Sequencing depth is the keys to accurate assembly
A suitable method of de novo assembly for transcriptome is still under discussion [57, 58]. A high sequencing depth or number of reads is a key factor in the sampling of all transcripts. In relation to the benchmark for S1s or S2s to S5s (Table 1 and Fig 2), it is clear that a higher sequencing depth can cover missing core genes, even if their abundance is not as high as in S3s or S4s. Nevertheless, at sequencing above 33 million read pairs, sequencing depth seems to be no longer the limitation to increasing the accuracy of the assembly (S5 Fig) in terms of BUSCO results. For example, based on the relationship between the number of reads and BUSCO results for each library (S5 Fig), if we attempt to decrease “Missing” parts (BUSCO) to 15%, the optimal number of reads would be about 33 million read pairs (see the equation for trend-line of the “Missing” category in S5 Fig).

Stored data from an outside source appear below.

theorem proposition3:
  fixes v1 v2 \<alpha> \<beta> :: real and m :: nat and X Y :: "nat pmf"
  assumes "v1 \<ge> v2" and "v2 > 0"
    and "0 < \<beta>" and "\<beta> \<le> \<alpha>" and "\<alpha> < 1"
    and "strategy X" and "strategy Y"
    and "mean X = real m + \<alpha>" and "mean Y = real m + \<beta>"
  shows "(nash v1 v2 X Y \<longleftrightarrow>
            (v1 / 2 = real m + 1 \<and> v2 / 2 = real m + 1 \<and>
             X = mix (1 - \<alpha>) (U_E m) (U_O (m + 1)) \<and>
             Y = mix (1 - \<beta>) (U_E m) (U_O (m + 1))))
         \<and> (nash v1 v2 X Y \<longrightarrow>
              payoff v1 X Y = 1 - \<beta> \<and> payoff v2 Y X = 1 - \<alpha>)"
proof -
  define M where "M = 2 * real m + 2"
  have half: "v / 2 = real m + 1 \<longleftrightarrow> v = M" for v :: real
    unfolding M_def by linarith
  have bounds: "0 < v1" "0 < \<alpha>" "\<beta> < 1"
    using assms(1-5) by linarith+
  note assms' = bounds(1) assms(2) bounds(2) assms(5,3) bounds(3) assms(8,9)
  have necessary: "v1 = M \<and> v2 = M \<and> X = mix (1 - \<alpha>) (U_E m) (U_O (Suc m)) \<and>
      Y = mix (1 - \<beta>) (U_E m) (U_O (Suc m)) \<and> payoff v1 X Y = 1 - \<beta> \<and> payoff v2 Y X = 1 - \<alpha>"
    if "nash v1 v2 X Y"
    using nash_valuations_and_payoffs[OF assms' that] nash_eq_mix_U_E_U_O[OF assms' that]
    unfolding M_def by (elim conjE) (intro conjI; assumption)
  have sufficient: "nash v1 v2 X Y"
    if "v1 = M" "v2 = M"
      "X = mix (1 - \<alpha>) (U_E m) (U_O (Suc m))" "Y = mix (1 - \<beta>) (U_E m) (U_O (Suc m))"
    using nash_mix_U_E_U_O[of "1 - \<alpha>" "1 - \<beta>" m] that bounds assms(3,5) unfolding M_def by simp
  show ?thesis
    unfolding half Suc_eq_plus1[symmetric] using necessary sufficient by blast
qed

end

This number is not a perfect estimate; however, it is a reasonable estimate from the observed trend.
A comprehensive union
This study included libraries from three types of tissues: male-strobilus, leaf, and inner bark. These were collected from close but distinct genetic backgrounds, an asymmetrical number of runs, and variable sample sizes. Considering that alternative splicing occurs in different conditions, e.g., tissues or treatment, we independently assembled each library, and then merged them into an integrated library. Using EvidentialGene as well as manual integration, the 49,758 sugi CJ3006NRE has resulted in a high confidence in this dataset. Most of these sequences were assembled independently in multiple libraries in the semi-manual process in the current study, as well as being selected by the EvidentialGene pipeline.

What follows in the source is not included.